时叶轻哼一声:“还能隨谁,当然似隨辣个悍……隨窝凉了唄。”
“窝外祖母嗦,窝跟窝凉小时候,简直一模一样。”
“窝凉啥样,窝,就啥样!”
叶清舒都被气笑了,看著皇后指著时叶问道:“师姐,我小时候,就这么无赖?”
皇后拉著叶清舒坐到椅子上:“別说,时时现在这劲头,还真隨了你了。”
“你小时候四五岁的时候不听话把师父气急了,关了你三天的禁闭。”
“三天后你出来后就突然变得很乖,也不作了也不闹了,师父还欣慰的跟师娘说你终於懂事了。”
“一个月后师父在后山闭关三天,你主动提出要给师父送饭,师娘每天把饭菜交给你后都跟我夸你,说你这次是真的长记性了。”
“结果三天后师娘去接师父的时候才知道,你把后山师父闭关石屋的石门拿大铁链子给锁上了,还把饭菜全都餵了后山的野狗,一次都没给师父送过。”
“师父从里面出来的时候,饿的眼睛都绿了。”
“说要不是那山洞里有提前备的一点儿水,他都得死里面。”
“那时我们才知道,你那哪是什么变乖了,你那是故意装乖报復师父呢。”
“你说说,时时是不是跟你一样,隨了你了?”
叶清舒:……
时叶晃了晃脑袋,看著那悍妇吃瘪,她满意了。
“凉呀,泥们先聊,窝,先去把碎叭醒弄醒。”
“辣碎叭醒要似真使咧,窝小姑姑,那得嗷嗷滴哭啊。”
小不点儿下了地就往外跑,一边跑还一边嘟嘟:“今天,阔赶紧让辣碎叭醒醒醒叭。”
“窝介耳朵,阔好使咧,窝,似真叭想听窝小姑姑一宿一宿滴哭啊。”
“窝小姑姑哭滴,真似太难听咧,她哭滴,阔真似太难听咧。”
皇后看著时叶的背影又笑的见牙不见眼:“这小傢伙儿,还知道哭的难听呢。”
“她忘了自己挨揍的时候哭的整条街都能听见的时候了?她嚎的,可比云漾的声音大多了。
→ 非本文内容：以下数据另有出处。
(* Let $L(t)=(l_{ij}(t))_{i,j=1}^m$ satisfy Assumption A4 and $\sigma>0$. Suppose there exist $\delta>0$ and $T>0$ such that for every interval $I=[t_1,t_1+T]\subset[0,\infty)$ the graph $G(I,\delta)$ has a spanning tree. Then there exist $\delta_1>0$ and $T_1>0$ such that $\eta(V(t_0+T_1,t_0))>\delta_1$ for all $t_0\ge0$.
   Context: Assumption A4: (a) $l_{ij}(t)\ge0$ for $i\neq j$ are measurable and $l_{ii}(t)=-\sum_{j\ne i}l_{ij}(t)$; (b) there is $M_1>0$ with $|l_{ij}(t)|\le M_1$ for all $i,j,t$. $V(t,t_0)$ is the solution matrix (identity at $t_0$) of $\dot u=\sigma L(t)u$, $u\in\mathbb R^m$ (it is a stochastic matrix). For a stochastic matrix $V=(v_{ij})$ with rows $v_i$, $\eta(V)=\min_{i,j}\sum_{k=1}^m\min\{v_{ik},v_{jk}\}$; $V$ is called $\delta_1$-scrambling if $\eta(V)>\delta_1$. For a compact interval $I=[t_1,t_2]$ and $\delta>0$, $G(I,\delta)$ is the directed graph on $\{1,\dots,m\}$ with an edge from $j$ to $i$ iff $\int_{t_1}^{t_2}l_{ij}(\tau)d\tau>\delta$. A directed graph has a spanning tree if some vertex reaches every other vertex along directed edges. *)

theory Defs
  imports "HOL-Analysis.Analysis"
begin

definition eta :: "real^'n::finite^'n \<Rightarrow> real" where
  "eta V = Min {(\<Sum>k\<in>UNIV. min (V $ i $ k) (V $ j $ k)) | i j. True}"

text \<open>Edge set of G([t1,t2],delta): an edge from j to i iff the integral of l_ij over
  [t1,t2] exceeds delta. Pairs are (source, target).\<close>
definition graph_edges :: "(real \<Rightarrow> real^'n::finite^'n) \<Rightarrow> real \<Rightarrow> real \<Rightarrow> real \<Rightarrow> ('n \<times> 'n) set" where
  "graph_edges L t1 t2 \<delta> = {(j, i). integral {t1..t2} (\<lambda>\<tau>. L \<tau> $ i $ j) > \<delta>}"

text \<open>A directed graph (edge set E on vertex type 'n) has a spanning tree iff some vertex
  reaches every vertex along directed edges.\<close>
definition has_spanning_tree :: "('n \<times> 'n) set \<Rightarrow> bool" where
  "has_spanning_tree E \<longleftrightarrow> (\<exists>r. \<forall>v. (r, v) \<in> E\<^sup>*)"

end

theory Submission
  imports Defs
begin

(*
  Every column of V(., t0) solves u' = sigma L u with a nonnegative initial value.  Since L is
  Metzler, such solutions stay nonnegative (Gronwall applied to the total negative part) and
  decay at most like exp (-sigma M1 t).  Over a window of length T, positivity of u_j passes
  to u_i along every edge j -> i of the window graph, losing at most a fixed factor gamma.
  Composing n^2 consecutive windows, each of whose graphs has a spanning tree, gives a common
  root rho that reaches every vertex: the ancestor sets of the vertices keep growing as long as
  rho is missing from one of them.  So the column rho of V(t0 + n^2 T, t0) is bounded below
  by gamma^(n^2), and this bounds the scrambling coefficient from below.
*)

lemma integrable_on_bounded_measurable:
  fixes f :: "real \<Rightarrow> real"
  assumes "f \<in> borel_measurable lborel" "\<And>t. \<bar>f t\<bar> \<le> M"
  shows "f integrable_on {a..b}"
proof (rule measurable_bounded_by_integrable_imp_integrable[where g="\<lambda>_. M"])
  have "f \<in> borel_measurable lebesgue"
    by (rule measurable_completion[OF assms(1)])
  then show "f \<in> borel_measurable (lebesgue_on {a..b})"
    by (simp add: measurable_restrict_space1)
qed (use assms in auto)
(* Let $S$ be a semidomain that is not an integral domain. Then the polynomials $x+1$, $x^2+x+1$, $x^3+1$, and $x^4+x^2+1$ are irreducible in $S[x]$.
   Context: A semidomain is a subset $S$ of an integral domain $R$ containing $0$ and $1$ and closed under addition and multiplication; $S$ is an integral domain precisely when it is also closed under additive inverses. $S[x]$ is the semidomain of polynomials in $R[x]$ with coefficients in $S$. An element $a\in S[x]\setminus\{0\}$ is irreducible if it is not a unit of the multiplicative monoid $S[x]\setminus\{0\}$ and $a=bc$ with $b,c\in S[x]\setminus\{0\}$ forces $b$ or $c$ to be a unit. *)

theory Defs
  imports "HOL-Computational_Algebra.Polynomial"
begin

definition semidomain :: "'a::idom set \<Rightarrow> bool" where
  "semidomain S \<longleftrightarrow> 0 \<in> S \<and> 1 \<in> S \<and>
     (\<forall>a\<in>S. \<forall>b\<in>S. a + b \<in> S) \<and> (\<forall>a\<in>S. \<forall>b\<in>S. a * b \<in> S)"

definition sub_integral_domain :: "'a::idom set \<Rightarrow> bool" where
  "sub_integral_domain S \<longleftrightarrow> semidomain S \<and> (\<forall>a\<in>S. - a \<in> S)"

definition spoly :: "'a::idom set \<Rightarrow> 'a poly set" where
  "spoly S = {p. \<forall>i. coeff p i \<in> S}"

definition spoly_unit :: "'a::idom set \<Rightarrow> 'a poly \<Rightarrow> bool" where
  "spoly_unit S p \<longleftrightarrow> p \<in> spoly S - {0} \<and> (\<exists>q \<in> spoly S - {0}. p * q = 1)"

definition spoly_irreducible :: "'a::idom set \<Rightarrow> 'a poly \<Rightarrow> bool" where
  "spoly_irreducible S a \<longleftrightarrow> a \<in> spoly S - {0} \<and> \<not> spoly_unit S a \<and>
     (\<forall>b \<in> spoly S - {0}. \<forall>c \<in> spoly S - {0}. a = b * c \<longrightarrow> spoly_unit S b \<or> spoly_unit S c)"

end

theory Submission
  imports Defs
begin

text \<open>Since S is not closed under negation, -1 is not in S. A constant factor of a monic
  polynomial in S[x] is a unit, so it suffices to exclude factorizations into two non-constant
  factors; comparing coefficients, each such factorization of one of the four polynomials exhibits
  -1 as a product of elements of S.\<close>

lemma sub_integral_domain_if_neg_one_mem:
  assumes "semidomain S" and "-1 \<in> S"
  shows "sub_integral_domain S"
  using assms unfolding sub_integral_domain_def semidomain_def by (metis mult_minus1)

lemma semidomain_mult_mem: "semidomain S \<Longrightarrow> a \<in> S \<Longrightarrow> b \<in> S \<Longrightarrow> a * b \<in> S"
  by (simp add: semidomain_def)

lemma coeff_mem_if_spoly: "p \<in> spoly S \<Longrightarrow> coeff p i \<in> S"
  by (simp add: spoly_def)

lemma zero_mem_spoly: "semidomain S \<Longrightarrow> 0 \<in> spoly S"
  by (simp add: spoly_def semidomain_def)

lemma pCons_mem_spoly: "a \<in> S \<Longrightarrow> p \<in> spoly S \<Longrightarrow> pCons a p \<in> spoly S"
  by (simp add: spoly_def coeff_pCons split: nat.split)

lemma coeff_mult_1: "coeff (p * q) 1 = coeff p 0 * coeff q 1 + coeff p 1 * coeff q 0"
  by (simp add: coeff_mult atMost_Suc algebra_simps)

lemma poly_eq_coeffs_if_degree_le_2:
  "degree (p :: 'a::zero poly) \<le> 2 \<Longrightarrow> p = [:coeff p 0, coeff p 1, coeff p 2:]"
  by (rule poly_eqI) (auto simp: coeff_pCons coeff_eq_0 numeral_2_eq_2 split: nat.split)

lemma degree_add_eq_if_mult_eq:
  "(p :: 'a::idom poly) * q = r \<Longrightarrow> r \<noteq> 0 \<Longrightarrow> degree p + degree q = degree r"
  by (metis degree_mult_eq mult_eq_0_iff)

lemma cube_eq_neg_one_if_sum_and_product_one:
  fixes u v :: "'a::comm_ring_1"
  assumes "u * v = 1" and "u + v = 1"
  shows "u ^ 3 = -1"
proof -
  have "u ^ 2 - u + 1 = u ^ 2 - u * (u + v) + u * v"
    using assms by simp
  also have "\<dots> = 0"
    by (simp add: algebra_simps power2_eq_square)
  finally have "u ^ 2 - u + 1 = 0" .
  have "u ^ 3 + 1 = (u + 1) * (u ^ 2 - u + 1)"
    by (simp add: algebra_simps power2_eq_square power3_eq_cube)
  also have "\<dots> = 0"
    using \<open>u ^ 2 - u + 1 = 0\<close> by simp
  finally show ?thesis
    by (simp add: eq_neg_iff_add_eq_0)
qed

lemma degree_eq_0_if_spoly_unit: "spoly_unit S p \<Longrightarrow> degree p = 0"
  unfolding spoly_unit_def by (metis DiffE degree_1 degree_mult_eq insertI1 add_is_0)

lemma spoly_unit_if_constant_factor_of_monic:
  assumes S: "semidomain S" and b: "b \<in> spoly S - {0}" and c: "c \<in> spoly S - {0}"
    and monic: "lead_coeff (b * c) = 1" and "degree b = 0"
  shows "spoly_unit S b"
proof -
  have b_const: "b = [:coeff b 0:]"
    using \<open>degree b = 0\<close> by (rule degree_0_id[symmetric])
  have inverse: "coeff b 0 * lead_coeff c = 1"
    using monic \<open>degree b = 0\<close> by (simp add: lead_coeff_mult)
  have "b * [:lead_coeff c:] = 1"
    using inverse by (subst b_const) (simp add: one_pCons mult.commute)
  moreover have "[:lead_coeff c:] \<in> spoly S - {0}"
    using S c inverse by (auto simp: spoly_def semidomain_def coeff_pCons split: nat.splits)
  ultimately show ?thesis
    using b unfolding spoly_unit_def by blast
qed

lemma spoly_irreducible_monicI:
  assumes S: "semidomain S" and "p \<in> spoly S" and monic: "lead_coeff p = 1" and "degree p > 0"
    and no_proper_factors: "\<And>b c. b \<in> spoly S \<Longrightarrow> c \<in> spoly S \<Longrightarrow> b * c = p \<Longrightarrow>
      degree b > 0 \<Longrightarrow> degree c > 0 \<Longrightarrow> False"
  shows "spoly_irreducible S p"
proof -
  have "\<not> spoly_unit S p"
    using \<open>degree p > 0\<close> degree_eq_0_if_spoly_unit by fastforce
  moreover have "spoly_unit S b \<or> spoly_unit S c"
    if b: "b \<in> spoly S - {0}" and c: "c \<in> spoly S - {0}" and "p = b * c" for b c
  proof (cases "degree b = 0 \<or> degree c = 0")
    case True
    then show ?thesis
      using spoly_unit_if_constant_factor_of_monic[OF S b c] spoly_unit_if_constant_factor_of_monic[OF S c b]
        monic \<open>p = b * c\<close> by (auto simp: mult.commute)
  next
    case False
    then show ?thesis
      using no_proper_factors[of b c] b c \<open>p = b * c\<close> by auto
  qed
  ultimately show ?thesis
    using \<open>p \<in> spoly S\<close> \<open>degree p > 0\<close> unfolding spoly_irreducible_def by auto
qed

lemma neg_one_mem_if_linear_factor:
  assumes S: "semidomain S" and "b \<in> spoly S" and "c \<in> spoly S" and "degree b = 1"
    and "coeff (b * c) 0 = 1" and "coeff (b * c) 1 = 0" and "lead_coeff (b * c) = 1"
  shows "-1 \<in> S"
proof -
  define b0 b1 c0 c1 where "b0 = coeff b 0" and "b1 = coeff b 1" and "c0 = coeff c 0" and "c1 = coeff c 1"
  have "b0 * c0 = 1"
    using assms unfolding b0_def c0_def by (simp add: coeff_mult_0)
  moreover have "b0 * c1 = - (b1 * c0)"
    using assms coeff_mult_1[of b c] unfolding b0_def b1_def c0_def c1_def
    by (simp add: eq_neg_iff_add_eq_0)
  moreover have "b1 * lead_coeff c = 1"
    using assms unfolding b1_def by (simp add: lead_coeff_mult)
  ultimately have "(b0 * c1) * (lead_coeff c * b0) = -1"
    by (metis (no_types, lifting) minus_mult_left mult.assoc mult.left_commute mult_1_right)
  moreover have "(b0 * c1) * (lead_coeff c * b0) \<in> S"
    using assms unfolding b0_def c1_def
    by (simp add: semidomain_mult_mem coeff_mem_if_spoly)
  ultimately show ?thesis
    by simp
qed

lemma neg_one_mem_if_proper_factors_x2_x_1:
  assumes S: "semidomain S" and "b \<in> spoly S" and "c \<in> spoly S" and "b * c = [:1, 1, 1:]"
    and "degree b > 0" and "degree c > 0"
  shows "-1 \<in> S"
proof -
  have "degree b + degree c = 2"
    using degree_add_eq_if_mult_eq[OF \<open>b * c = [:1, 1, 1:]\<close>] by simp
  then have "degree b = 1" and "degree c = 1"
    using assms by auto
  define u v where "u = coeff b 0 * coeff c 1" and "v = coeff b 1 * coeff c 0"
  have "u * v = (coeff b 0 * coeff c 0) * (coeff b 1 * coeff c 1)"
    unfolding u_def v_def by (simp add: ac_simps)
  also have "\<dots> = 1"
    using arg_cong[OF \<open>b * c = [:1, 1, 1:]\<close>, of "\<lambda>p. coeff p 0"]
      arg_cong[OF \<open>b * c = [:1, 1, 1:]\<close>, of lead_coeff] \<open>degree b = 1\<close> \<open>degree c = 1\<close>
    by (simp add: coeff_mult_0 lead_coeff_mult)
  finally have "u * v = 1" .
  moreover have "u + v = 1"
    using coeff_mult_1[of b c] \<open>b * c = [:1, 1, 1:]\<close> unfolding u_def v_def by simp
  ultimately have "u ^ 3 = -1"
    by (rule cube_eq_neg_one_if_sum_and_product_one)
  moreover have "u ^ 3 \<in> S"
    using assms unfolding u_def power3_eq_cube
    by (simp add: semidomain_mult_mem coeff_mem_if_spoly)
  ultimately show ?thesis
    by simp
qed

lemma neg_one_mem_if_proper_factors_x3_1:
  assumes S: "semidomain S" and "b \<in> spoly S" and "c \<in> spoly S" and "b * c = [:1, 0, 0, 1:]"
    and "degree b > 0" and "degree c > 0"
  shows "-1 \<in> S"
proof -
  have "degree b + degree c = 3"
    using degree_add_eq_if_mult_eq[OF \<open>b * c = [:1, 0, 0, 1:]\<close>] by simp
  then consider "degree b = 1" | "degree c = 1"
    using assms by linarith
  then show ?thesis
    by cases (use assms neg_one_mem_if_linear_factor[of S b c] neg_one_mem_if_linear_factor[of S c b]
        in \<open>simp_all add: mult.commute\<close>)
qed

lemma neg_one_mem_if_quadratic_factors_x4_x2_1:
  fixes b0 b1 b2 c0 c1 c2 :: "'a::idom"
  assumes S: "semidomain S" and mem: "b0 \<in> S" "b1 \<in> S" "b2 \<in> S" "c0 \<in> S" "c1 \<in> S" "c2 \<in> S"
    and "[:b0, b1, b2:] * [:c0, c1, c2:] = [:1, 0, 1, 0, 1:]"
  shows "-1 \<in> S"
proof -
  have e0: "b0 * c0 = 1" and e1: "b0 * c1 + b1 * c0 = 0" and e2: "b0 * c2 + b1 * c1 + b2 * c0 = 1"
    and e3: "b1 * c2 + b2 * c1 = 0" and e4: "b2 * c2 = 1"
    using assms(8) by (simp_all add: algebra_simps)
  show ?thesis
  proof (cases "c1 = 0")
    case True
    then have "b1 = 0"
      using e0 e1 by auto
    have "(b0 * c2) * (b2 * c0) = (b0 * c0) * (b2 * c2)"
      by (simp add: ac_simps)
    then have "(b0 * c2) ^ 3 = -1"
      using e0 e2 e4 \<open>b1 = 0\<close> by (intro cube_eq_neg_one_if_sum_and_product_one) simp_all
    moreover have "(b0 * c2) ^ 3 \<in> S"
      using S mem by (simp add: power3_eq_cube semidomain_mult_mem)
    ultimately show ?thesis
      by simp
  next
    case False
    have "b0 * b0 * c1 + b1 * (b0 * c0) = 0"
      using arg_cong[OF e1, of "(*) b0"] by (simp add: algebra_simps)
    moreover have "b2 * b2 * c1 + b1 * (b2 * c2) = 0"
      using arg_cong[OF e3, of "(*) b2"] by (simp add: algebra_simps)
    ultimately have "b1 = - (b0 * b0 * c1)" and "b1 = - (b2 * b2 * c1)"
      using e0 e4 by (simp_all add: add.commute eq_neg_iff_add_eq_0)
    then have "(b0 - b2) * (b0 + b2) = 0"
      using False by (simp add: algebra_simps)
    then consider "b0 = b2" | "b0 = - b2"
      by (auto simp: eq_neg_iff_add_eq_0)
    then show ?thesis
    proof cases
      case 1
      then have "c0 = c2"
        using e0 e4 by (metis mult_cancel_left mult_zero_left zero_neq_one)
      then have "b1 * c1 = -1"
        using e0 e2 \<open>b0 = b2\<close> by (simp add: algebra_simps eq_neg_iff_add_eq_0)
      then show ?thesis
        using semidomain_mult_mem[OF S mem(2,5)] by simp
    next
      case 2
      then have "b0 * c2 = -1"
        using e4 by simp
      then show ?thesis
        using semidomain_mult_mem[OF S mem(1,6)] by simp
    qed
  qed
qed

lemma neg_one_mem_if_proper_factors_x4_x2_1:
  assumes S: "semidomain S" and "b \<in> spoly S" and "c \<in> spoly S" and "b * c = [:1, 0, 1, 0, 1:]"
    and "degree b > 0" and "degree c > 0"
  shows "-1 \<in> S"
proof -
  have "degree b + degree c = 4"
    using degree_add_eq_if_mult_eq[OF \<open>b * c = [:1, 0, 1, 0, 1:]\<close>] by simp
  then consider "degree b = 1" | "degree c = 1" | "degree b = 2" and "degree c = 2"
    using assms by linarith
  then show ?thesis
  proof cases
    case 3
    then have "[:coeff b 0, coeff b 1, coeff b 2:] * [:coeff c 0, coeff c 1, coeff c 2:] = [:1, 0, 1, 0, 1:]"
      using poly_eq_coeffs_if_degree_le_2[of b] poly_eq_coeffs_if_degree_le_2[of c]
        \<open>b * c = [:1, 0, 1, 0, 1:]\<close> by simp
    then show ?thesis
      using assms by (intro neg_one_mem_if_quadratic_factors_x4_x2_1) (simp_all add: coeff_mem_if_spoly)
  qed (use assms neg_one_mem_if_linear_factor[of S b c] neg_one_mem_if_linear_factor[of S c b]
      in \<open>simp_all add: mult.commute\<close>)
qed

theorem lemma5p2:
  fixes S :: "'a::idom set"
  assumes "semidomain S" and "\<not> sub_integral_domain S"
  shows "spoly_irreducible S [:1, 1:] \<and>
         spoly_irreducible S [:1, 1, 1:] \<and>
         spoly_irreducible S [:1, 0, 0, 1:] \<and>
         spoly_irreducible S [:1, 0, 1, 0, 1:]"
proof -
  have "-1 \<notin> S"
    using assms sub_integral_domain_if_neg_one_mem by blast
  have "0 \<in> S" and "1 \<in> S"
    using \<open>semidomain S\<close> by (simp_all add: semidomain_def)
  note irreducibleI = spoly_irreducible_monicI[OF \<open>semidomain S\<close>]
  note memI = pCons_mem_spoly zero_mem_spoly[OF \<open>semidomain S\<close>] \<open>0 \<in> S\<close> \<open>1 \<in> S\<close>
  have "spoly_irreducible S [:1, 1:]"
    by (rule irreducibleI) (auto simp: memI dest: degree_add_eq_if_mult_eq)
  moreover have "spoly_irreducible S [:1, 1, 1:]"
    by (rule irreducibleI) (use neg_one_mem_if_proper_factors_x2_x_1 \<open>semidomain S\<close> \<open>-1 \<notin> S\<close> in \<open>auto simp: memI\<close>)
  moreover have "spoly_irreducible S [:1, 0, 0, 1:]"
    by (rule irreducibleI) (use neg_one_mem_if_proper_factors_x3_1 \<open>semidomain S\<close> \<open>-1 \<notin> S\<close> in \<open>auto simp: memI\<close>)
  moreover have "spoly_irreducible S [:1, 0, 1, 0, 1:]"
    by (rule irreducibleI) (use neg_one_mem_if_proper_factors_x4_x2_1 \<open>semidomain S\<close> \<open>-1 \<notin> S\<close> in \<open>auto simp: memI\<close>)
  ultimately show ?thesis
    by blast
qed

end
”
……
魏醒的房间,顾明正在给他把脉,旁边的元云漾眼眶红红的,一看就是这两天没少哭。
“顾神医,魏公子他……”
元云漾话还没说完,就听见远处传来小不点儿那奶声奶气的叫声。
“元银昂呀,窝,回乃辣~”
“泥,阔別哭了哈~”
“元银昂呀,碎叭嗦,他回来辣,让泥等他~”
“他嗦,银昂啊,泥,別哭……窝,回来辣~”
顾明憋笑憋的肩膀一颤一颤的:“我们去找魏公子的时候,他確实是这么说的。”
“小郡主这是……在学魏公子说话呢。”
元云漾:……
时叶气喘吁吁的跑到门口:“快,云昂呀,抱窝进去。”
“介门槛,肿么还似介么高,叭寄道窝爬叭进去嘛?”
元云漾三步並作两步过去將小不点儿抱进来使劲儿亲了亲,想起她叫自己,又气呼呼的轻轻捏了捏她那肉乎乎的小脸儿。
“你呀,可担心死小姑姑了,小姑姑早上才去看过你,那时候你还没醒呢。”
“还有,你刚才叫的是什么玩意儿,你给我改名了?”
时叶一脸无辜:“窝,米给泥改名,窝叫滴,就似泥滴名儿。”
“就似小姑姑呀,泥辣名儿,要不改改吧。”
“窝叫著,有点儿咬协头。”
元云漾哭笑不得的上下左右的看著她:“你呀你,我都不知道说你什么才好。”
“快让小姑姑看看,这次出去这么长时间有没有受伤?”
“你要是受伤了,小姑姑……”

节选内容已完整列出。